I understand some of these things are Hard to hear, but still some good advice. 

Why do you think you feel this way? Are you SHY in all other areas of life ? 

Is it body Issues? 

Is it religious thinking? 

A combination of all 3? 

You talk about how shy you FEEL, needing the covers & all, but do you ENJOY his fondling you, his touching your breasts- if you have the covers overtop? 

Is this more a matter of "letting go/loosing inhibitions" or maybe you don't really care for the experience at all , which is another thing entirely? 

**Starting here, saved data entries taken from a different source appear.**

(* In the setting $|H|=1$ of the context (with Assumption 1), the convex relaxation (R1) is exact (its optimal value equals $c^\star$) if the following convex set of $(\boldsymbol{\mu},{\bf x},w_1)\in\mathbb{R}^m\times\mathbb{R}^n\times\mathbb{R}$ is empty: $d_1^*+\sum_{i\in M}\xi_i\mu_i=0$; $c_1+\sum_{i\in M}a_{i1}\mu_i=0$; $(D_{jj}-d_1^* )x_j+c_j+\sum_{i\in M}a_{ij}\mu_i=0$ for $j\in N\setminus\{1\}$; $\xi_iw_1+2\sum_{j\in N}a_{ij}x_j\le b_i$ for $i\in M$; $\sum_{j\in N}x_j^2\le w_1$; $\mu_i\ge 0$ for $i\in M$.
   Context: Let $N=\{1,\dots,n\}$, $M=\{1,\dots,m\}$. Data: reals $D_{jj}$ ($j\in N$), $c_j$, $a_{ij}$, $b_i$, $\xi_i$ ($i\in M$, $j\in N$). The diagonal QCQP (P) is $c^\star=\inf\{\sum_{j}D_{jj}x_j^2+2\sum_jc_jx_j : \xi_i\sum_jx_j^2+2\sum_ja_{ij}x_j\le b_i,\ i\in M\}$, i.e. all constraint Hessians are ${\bf A}^i=\xi_i{\bf I}$. Its Shor relaxation is $v^\star=\inf\{{\bf D}\bullet{\bf X}+2{\bf c}^\top{\bf x} : \xi_i\,\mathrm{trace}({\bf X})+2{\bf a}_i^\top{\bf x}\le b_i\ (i\in M),\ {\bf X}-{\bf x}{\bf x}^\top\succeq{\bf O}\}$ with ${\bf D}=\mathrm{diag}(D_{jj})$. Assumption 1: (P) is feasible; some $\bar{\bf y}\ge0$ has $\sum_i\bar y_i\xi_i>0$; the Shor relaxation has a feasible point in the interior of its feasible region. It is assumed that $d_1^*=\min_{j\in N}D_{jj}$ is attained uniquely at $j=1$. The convex relaxation (R1) is: $\min\ d_1^*w_1+\sum_{j\in N}(D_{jj}-d_1^* )x_j^2+2\sum_{j\in N}c_jx_j$ s.t. $\xi_iw_1+2\sum_{j\in N}a_{ij}x_j\le b_i$ ($i\in M$), $\sum_{j\in N}x_j^2\le w_1$; its optimal value equals $v^\star$. *)

theory Defs
  imports "HOL-Analysis.Analysis"
begin

text \<open>Index sets N and M are the finite types 'n and 'm. The data are
  D (diagonal of the objective Hessian), c :: real^'n, a :: real^'n^'m
  (a $ i $ j = a_ij), b, xi :: real^'m. The distinguished index j1 plays
  the role of j = 1.\<close>

definition P_feasible :: "real^'n^'m \<Rightarrow> real^'m \<Rightarrow> real^'m \<Rightarrow> real^'n \<Rightarrow> bool" where
  "P_feasible a b xi x \<longleftrightarrow>
     (\<forall>i. xi $ i * (\<Sum>j\<in>UNIV. (x $ j)^2) + 2 * (\<Sum>j\<in>UNIV. a $ i $ j * x $ j) \<le> b $ i)"

definition P_obj :: "real^'n \<Rightarrow> real^'n \<Rightarrow> real^'n \<Rightarrow> real" where
  "P_obj D c x = (\<Sum>j\<in>UNIV. D $ j * (x $ j)^2) + 2 * (\<Sum>j\<in>UNIV. c $ j * x $ j)"

definition c_star :: "real^'n \<Rightarrow> real^'n \<Rightarrow> real^'n^'m \<Rightarrow> real^'m \<Rightarrow> real^'m \<Rightarrow> ereal" where
  "c_star D c a b xi = (INF x\<in>{x. P_feasible a b xi x}. ereal (P_obj D c x))"

definition psd :: "real^'n^'n \<Rightarrow> bool" where
  "psd A \<longleftrightarrow> transpose A = A \<and> (\<forall>v. v \<bullet> (A *v v) \<ge> 0)"

definition Shor_feasible :: "real^'n^'m \<Rightarrow> real^'m \<Rightarrow> real^'m \<Rightarrow> real^'n^'n \<Rightarrow> real^'n \<Rightarrow> bool" where
  "Shor_feasible a b xi X x \<longleftrightarrow>
     transpose X = X \<and>
     (\<forall>i. xi $ i * (\<Sum>j\<in>UNIV. X $ j $ j) + 2 * (\<Sum>j\<in>UNIV. a $ i $ j * x $ j) \<le> b $ i) \<and>
     psd (X - (\<chi> k l. x $ k * x $ l))"

definition Shor_interior_point :: "real^'n^'m \<Rightarrow> real^'m \<Rightarrow> real^'m \<Rightarrow> bool" where
  "Shor_interior_point a b xi \<longleftrightarrow>
     (\<exists>X x e. e > 0 \<and> Shor_feasible a b xi X x \<and>
        (\<forall>Y y. transpose Y = Y \<and> dist (Y, y) (X, x) < e \<longrightarrow> Shor_feasible a b xi Y y))"

definition assumption1 :: "real^'n^'m \<Rightarrow> real^'m \<Rightarrow> real^'m \<Rightarrow> bool" where
  "assumption1 a b xi \<longleftrightarrow>
     (\<exists>x::real^'n. P_feasible a b xi x) \<and>
     (\<exists>y::real^'m. (\<forall>i. y $ i \<ge> 0) \<and> (\<Sum>i\<in>UNIV. y $ i * xi $ i) > 0) \<and>
     Shor_interior_point a b xi"

text \<open>Relaxation (R1), with d1* = D $ j1; variables (x, w1).\<close>
definition R1_feasible :: "real^'n^'m \<Rightarrow> real^'m \<Rightarrow> real^'m \<Rightarrow> real^'n \<Rightarrow> real \<Rightarrow> bool" where
  "R1_feasible a b xi x w1 \<longleftrightarrow>
     (\<forall>i. xi $ i * w1 + 2 * (\<Sum>j\<in>UNIV. a $ i $ j * x $ j) \<le> b $ i) \<and>
     (\<Sum>j\<in>UNIV. (x $ j)^2) \<le> w1"

definition R1_obj :: "real^'n \<Rightarrow> real^'n \<Rightarrow> 'n \<Rightarrow> real^'n \<Rightarrow> real \<Rightarrow> real" where
  "R1_obj D c j1 x w1 = D $ j1 * w1 + (\<Sum>j\<in>UNIV. (D $ j - D $ j1) * (x $ j)^2)
      + 2 * (\<Sum>j\<in>UNIV. c $ j * x $ j)"

definition R1_value :: "real^'n \<Rightarrow> real^'n \<Rightarrow> real^'n^'m \<Rightarrow> real^'m \<Rightarrow> real^'m \<Rightarrow> 'n \<Rightarrow> ereal" where
  "R1_value D c a b xi j1 =
     (INF p\<in>{(x, w1). R1_feasible a b xi x w1}. ereal (R1_obj D c j1 (fst p) (snd p)))"

definition certificate_set :: "real^'n \<Rightarrow> real^'n \<Rightarrow> real^'n^'m \<Rightarrow> real^'m \<Rightarrow> real^'m \<Rightarrow> 'n
     \<Rightarrow> ((real^'m) \<times> (real^'n) \<times> real) set" where
  "certificate_set D c a b xi j1 = {(mu::real^'m, x::real^'n, w1::real).
     D $ j1 + (\<Sum>i\<in>UNIV. xi $ i * mu $ i) = 0 \<and>
     c $ j1 + (\<Sum>i\<in>UNIV. a $ i $ j1 * mu $ i) = 0 \<and>
     (\<forall>j. j \<noteq> j1 \<longrightarrow> (D $ j - D $ j1) * x $ j + c $ j + (\<Sum>i\<in>UNIV. a $ i $ j * mu $ i) = 0) \<and>
     (\<forall>i. xi $ i * w1 + 2 * (\<Sum>j\<in>UNIV. a $ i $ j * x $ j) \<le> b $ i) \<and>
     (\<Sum>j\<in>UNIV. (x $ j)^2) \<le> w1 \<and>
     (\<forall>i. mu $ i \<ge> 0)}"

end

theory Submission
  imports Defs
begin

text \<open>Weighting the linear constraints of (R1) with the multipliers y of Assumption 1 bounds w
  from above, and w \<ge> |x|^2, so the feasible set of (R1) is compact and the relaxation attains
  its minimum at some (x, w). If |x|^2 = w, then x is feasible for (P) with the same objective
  value, so the relaxation is exact. Otherwise the convex constraint is inactive at (x, w):
  first-order optimality along feasible directions, turned into multipliers by Farkas' lemma,
  yields \<mu> \<ge> 0 with (\<mu>, x, w) in the set assumed to be empty.\<close>

lemma farkas_lemma:
  fixes v :: "'m::finite \<Rightarrow> 'a::euclidean_space" and g :: 'a
  assumes dual: "\<And>h. (\<forall>i. v i \<bullet> h \<le> 0) \<Longrightarrow> g \<bullet> h \<ge> 0"
  shows "\<exists>mu. (\<forall>i. mu i \<ge> 0) \<and> (\<Sum>i\<in>UNIV. mu i *\<^sub>R v i) = -g"
proof (rule ccontr)
  assume no_mu: "\<not> ?thesis"
  define C where "C = {(\<Sum>i\<in>UNIV. mu i *\<^sub>R v i) | mu. \<forall>i. mu i \<ge> (0::real)}"
  define K where "K = convex_cone hull (range v)"
  have "convex_cone C" unfolding convex_cone_iff
  proof (intro conjI ballI allI impI)
    show "0 \<in> C" unfolding C_def by (intro CollectI exI[of _ "\<lambda>i. 0"]) simp
  next
    fix x y assume "x \<in> C" "y \<in> C"
    then obtain m1 m2 where "x = (\<Sum>i\<in>UNIV. m1 i *\<^sub>R v i)" "\<forall>i. m1 i \<ge> 0"
      "y = (\<Sum>i\<in>UNIV. m2 i *\<^sub>R v i)" "\<forall>i. m2 i \<ge> 0" unfolding C_def by auto
    then show "x + y \<in> C" unfolding C_def
      by (intro CollectI exI[of _ "\<lambda>i. m1 i + m2 i"]) (auto simp: scaleR_add_left sum.distrib)
  next
    fix x and t :: real assume "x \<in> C" "0 \<le> t"
    then obtain m where "x = (\<Sum>i\<in>UNIV. m i *\<^sub>R v i)" "\<forall>i. m i \<ge> 0" unfolding C_def by auto
    then show "t *\<^sub>R x \<in> C" unfolding C_def using \<open>0 \<le> t\<close>
      by (intro CollectI exI[of _ "\<lambda>i. t * m i"]) (auto simp: scaleR_sum_right)
  qed
  moreover have "v k \<in> C" for k
    unfolding C_def by (intro CollectI exI[of _ "\<lambda>i. if i = k then 1 else 0"])
      (simp add: if_distrib[of "\<lambda>c. c *\<^sub>R _"] cong: if_cong)
  ultimately have "K \<subseteq> C" unfolding K_def by (intro hull_minimal) auto
  moreover have "-g \<notin> C" using no_mu unfolding C_def by auto
  ultimately have "-g \<notin> K" by blast
  then obtain n e where sep: "n \<bullet> (-g) < e" "\<forall>y\<in>K. n \<bullet> y > e"
    using separating_hyperplane_closed_point[of K "-g"] unfolding K_def
    by (meson convex_convex_cone_hull closed_convex_cone_hull finite finite_imageI)
  have e_neg: "e < 0" using sep(2) convex_cone_hull_contains_0 unfolding K_def by fastforce
  have "n \<bullet> v i \<ge> 0" for i
  proof (rule ccontr)
    assume "\<not> n \<bullet> v i \<ge> 0"
    then have neg: "n \<bullet> v i < 0" by simp
    have "e / (n \<bullet> v i) \<ge> 0" using neg e_neg by (simp add: divide_neg_neg less_imp_le)
    then have "(e / (n \<bullet> v i)) *\<^sub>R v i \<in> K"
      unfolding K_def by (simp add: convex_cone_hull_mul hull_inc)
    moreover have "n \<bullet> ((e / (n \<bullet> v i)) *\<^sub>R v i) = e" using neg by simp
    ultimately show False using sep(2) by fastforce
  qed
  then have "g \<bullet> (-n) \<ge> 0" by (intro dual) (simp add: inner_commute)
  then show False using sep(1) e_neg by (simp add: inner_commute)
qed

lemma sum_power2_eq_norm_power2: "(\<Sum>j\<in>UNIV. (x $ j)^2) = norm (x::real^'n) ^ 2"
  unfolding power2_norm_eq_inner by (simp add: inner_vec_def power2_eq_square)

lemma le_of_quadratic_le_linear:
  fixes r s p q :: real
  assumes "s > 0" "r \<ge> 0" "s * r^2 \<le> p + q * r"
  shows "r \<le> 1 + (\<bar>p\<bar> + \<bar>q\<bar>) / s"
proof (cases "r \<le> 1")
  case True
  then show ?thesis using assms(1) by (simp add: add_increasing2)
next
  case False
  have "s * r * r \<le> (\<bar>p\<bar> + \<bar>q\<bar>) * r"
  proof -
    have "p + q * r \<le> \<bar>p\<bar> * r + \<bar>q\<bar> * r"
      using False abs_ge_self[of p] abs_ge_self[of q] mult_right_mono[of q "\<bar>q\<bar>" r] assms(2)
      by (smt (verit) mult_le_cancel_left1)
    then show ?thesis using assms(3) by (simp add: power2_eq_square algebra_simps)
  qed
  then have "s * r \<le> \<bar>p\<bar> + \<bar>q\<bar>" using False by simp
  then have "r \<le> (\<bar>p\<bar> + \<bar>q\<bar>) / s" using assms(1) by (simp add: pos_le_divide_eq mult.commute)
  then show ?thesis by simp
qed

lemma R1_feasible_weighted_constraint:
  assumes "R1_feasible a b xi x w" and "\<forall>i. y $ i \<ge> 0"
  shows "(\<Sum>i\<in>UNIV. y $ i * xi $ i) * w + 2 * ((\<chi> j. \<Sum>i\<in>UNIV. y $ i * a $ i $ j) \<bullet> x)
           \<le> (\<Sum>i\<in>UNIV. y $ i * b $ i)"
proof -
  have "(\<chi> j. \<Sum>i\<in>UNIV. y $ i * a $ i $ j) \<bullet> x = (\<Sum>j\<in>UNIV. \<Sum>i\<in>UNIV. y $ i * a $ i $ j * x $ j)"
    by (simp add: inner_vec_def sum_distrib_right)
  also have "\<dots> = (\<Sum>i\<in>UNIV. y $ i * (\<Sum>j\<in>UNIV. a $ i $ j * x $ j))"
    by (subst sum.swap) (simp add: sum_distrib_left mult.assoc)
  finally have "(\<Sum>i\<in>UNIV. y $ i * xi $ i) * w + 2 * ((\<chi> j. \<Sum>i\<in>UNIV. y $ i * a $ i $ j) \<bullet> x)
      = (\<Sum>i\<in>UNIV. y $ i * (xi $ i * w + 2 * (\<Sum>j\<in>UNIV. a $ i $ j * x $ j)))"
    by (simp add: distrib_left sum.distrib sum_distrib_left sum_distrib_right mult_ac)
  also have "\<dots> \<le> (\<Sum>i\<in>UNIV. y $ i * b $ i)"
    using assms by (intro sum_mono mult_left_mono) (auto simp: R1_feasible_def)
  finally show ?thesis .
qed

definition R1_feasible_set :: "real^'n^'m \<Rightarrow> real^'m \<Rightarrow> real^'m \<Rightarrow> ((real^'n) \<times> real) set" where
  "R1_feasible_set a b xi = {(x, w). R1_feasible a b xi x w}"

lemma bounded_R1_feasible_set:
  fixes a :: "real^'n^'m"
  assumes weights: "\<forall>i. y $ i \<ge> 0" and pos: "(\<Sum>i\<in>UNIV. y $ i * xi $ i) > 0"
  shows "bounded (R1_feasible_set a b xi)"
proof -
  define s where "s = (\<Sum>i\<in>UNIV. y $ i * xi $ i)"
  define B where "B = (\<Sum>i\<in>UNIV. y $ i * b $ i)"
  define u :: "real^'n" where "u = (\<chi> j. \<Sum>i\<in>UNIV. y $ i * a $ i $ j)"
  define r where "r = 1 + (\<bar>B\<bar> + \<bar>2 * norm u\<bar>) / s"
  have s_pos: "s > 0" using pos by (simp add: s_def)
  have "R1_feasible_set a b xi \<subseteq> cball 0 r \<times> {0 .. (\<bar>B\<bar> + 2 * norm u * r) / s}"
  proof (clarsimp simp: R1_feasible_set_def)
    fix x w assume feas: "R1_feasible a b xi x w"
    have sq: "norm x ^ 2 \<le> w" using feas by (simp add: R1_feasible_def sum_power2_eq_norm_power2)
    have "s * w + 2 * (u \<bullet> x) \<le> B"
      using R1_feasible_weighted_constraint[OF feas weights] by (simp add: s_def B_def u_def)
    moreover have "- (norm u * norm x) \<le> u \<bullet> x" using norm_cauchy_schwarz[of "-u" x] by simp
    ultimately have sw: "s * w \<le> B + 2 * norm u * norm x" by linarith
    have "s * norm x ^ 2 \<le> B + 2 * norm u * norm x" using mult_left_mono[OF sq, of s] s_pos sw by linarith
    then have x_le: "norm x \<le> r" unfolding r_def by (rule le_of_quadratic_le_linear[OF s_pos norm_ge_zero])
    then have "s * w \<le> \<bar>B\<bar> + 2 * norm u * r" using sw by (smt (verit) mult_left_mono norm_ge_zero)
    then show "norm x \<le> r \<and> 0 \<le> w \<and> w \<le> (\<bar>B\<bar> + 2 * norm u * r) / s"
      using x_le sq s_pos by (simp add: pos_le_divide_eq mult.commute order_trans[OF zero_le_power2])
  qed
  then show ?thesis by (rule bounded_subset[rotated]) (intro bounded_Times bounded_cball bounded_closed_interval)
qed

I used to be inhibited , mostly from Religious thinking, but I always Enjoyed the "Pleasure" from sex, so it was easier to overcome, but I wanted Sheets overtop for pretty much 20 yrs of my marraige.


----------



## sunrisehope (Mar 6, 2010)

There are some great books out there that have worked well for us. I will get the names and send them to you.


----------



## 63Vino (Dec 23, 2009)

i would tag on to deejo's comments: As an EX husband that had same type issue, your hubby is potentially being hurt.
Im not saying this to make you feel pressure. 

Just a suggestion:
Make sure you verbalize with him that you love him very much, you want to be more open and more to him and that you will/are working on it. You can also enlist his help by trying new things such as star suggested, explaining to him before hand how you want to try and why this may help you...
Baby steps but you cant stop pushing yourself.

Its tough. I think to myself, i know im not going to appear on the worlds sexiest man list anytime soon but i WONT waste my life worrying about that. Im going to enjoy the body I have and use it to the fullest.
Im POSITIVE you're a thousand times better than you're self assesment.

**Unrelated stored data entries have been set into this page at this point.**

lemma zpush_left_cancel:
  assumes zlc: "zero_left_cancellative (factor x) letter_mult (factor_zero x)" and x: "letter_ok x"
    and t: "t \<in> zfp_carrier" and r: "r \<in> zfp_carrier"
    and eq: "zpush x t = zpush x r" and nz: "zpush x t \<noteq> Zero"
  shows "t = r"
proof -
  \<comment> \<open>both sides are \<open>zfp_cons c u\<close> with \<open>c\<close> in the factor of \<open>x\<close>; compare \<open>c\<close> and \<open>u\<close>\<close>
  obtain w v where tw: "t = Word w" "reduced w" and rv: "r = Word v" "reduced v"
    using t r eq nz by (auto elim!: zfp_carrier_cases)
  from tw(2) show ?thesis
  proof (cases rule: zpush_Word_cases[where x = x])
    case (merge y w')
    from rv(2) show ?thesis
    proof (cases rule: zpush_Word_cases[where x = x])
      case merge': (merge y' v')
      with merge have "letter_mult x y = letter_mult x y' \<and> w' = v'"
        using eq nz tw rv by (intro zfp_cons_inj) auto
      then show ?thesis using merge merge' letter_mult_left_cancel[OF zlc, of y y'] nz tw rv
        by (auto simp: zfp_cons_eq_Zero_iff)
    next
      case prepend
      with merge have "letter_mult x y = x \<and> w' = v"
        using eq nz tw rv by (intro zfp_cons_inj) auto
      then show ?thesis using letter_mult_neq_self[OF zlc x] merge by blast
    qed
  next
    case prepend
    from rv(2) show ?thesis
    proof (cases rule: zpush_Word_cases[where x = x])
      case (merge y' v')
      with prepend have "x = letter_mult x y' \<and> w = v'"
        using eq nz tw rv by (intro zfp_cons_inj) auto
      then show ?thesis using letter_mult_neq_self[OF zlc x] merge by metis
    next
      case prepend': prepend
      with prepend have "x = x \<and> w = v"
        using eq nz tw rv by (intro zfp_cons_inj) auto
      then show ?thesis using tw rv by simp
    qed
  qed
qed

lemma foldr_zpush_left_cancel:
  fixes u :: "('a::{monoid_mult,mult_zero} + 'b::{monoid_mult,mult_zero}) list"
  assumes zlc: "\<And>x::'a + 'b. zero_left_cancellative (factor x) letter_mult (factor_zero x)"
    and "reduced u" "t \<in> zfp_carrier" "r \<in> zfp_carrier"
    and "foldr zpush u t = foldr zpush u r" "foldr zpush u t \<noteq> Zero"
  shows "t = r"
  using assms(2-)
proof (induction u)
  case (Cons x u)
  have x: "letter_ok x" and u: "reduced u" using Cons.prems(1) by (simp_all add: reduced_Cons)
  have "foldr zpush u t = foldr zpush u r"
  proof (rule zpush_left_cancel[OF zlc x])
    show "foldr zpush u t \<in> zfp_carrier" "foldr zpush u r \<in> zfp_carrier"
      using Cons.prems(2,3) by (simp_all add: foldr_zpush_in_carrier)
    show "zpush x (foldr zpush u t) = zpush x (foldr zpush u r)"
      and "zpush x (foldr zpush u t) \<noteq> Zero"
      using Cons.prems(4,5) by simp_all
  qed
  moreover have "foldr zpush u t \<noteq> Zero" using Cons.prems(5) by auto
  ultimately show ?case using Cons.IH u Cons.prems(2,3) by blast
qed simp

Last thing: If all goes well, your hubby is the ONE person in your life you say you love and will share certain things. If you're not going to be open with him. Will you ever? 

Openess=closeness. Let him be close to you.


----------



## 20years (Mar 8, 2010)

I agree with star' s question about the lights. After our son's were born and we headed through our thirty's into our forty's, my wife became very self conscious about her body. Lights off under the covers works for us now. Maybe its not the same no holds barred sex we had when we were younger but at least we can role from side to side to cowgirl to missionary and sty covered. spooning also seems to work. If your hubby needs a little visual stimuli, I suggest the shower. For some reason my wife seems more relaxed in there.


----------



## Flanders (Feb 26, 2010)

heynowusa said:


> Alcohol


This should do it. I'm a shy guy and this stuff really works.:smthumbup: It also helps me last longer, just saying.


----------



## WILLARD (Mar 11, 2010)

Come on people...is alcohol the best we can come up with. 
Firstly, HELPLESS WIFE needs to provide us with a few details:
Age of both parties, married how long, sex - how many times a week, and if possible, how she feels about herself. Some childhood issues we should know about. 
HELPLESS WIFE - You are among people who do not judge. Spill the beans...


----------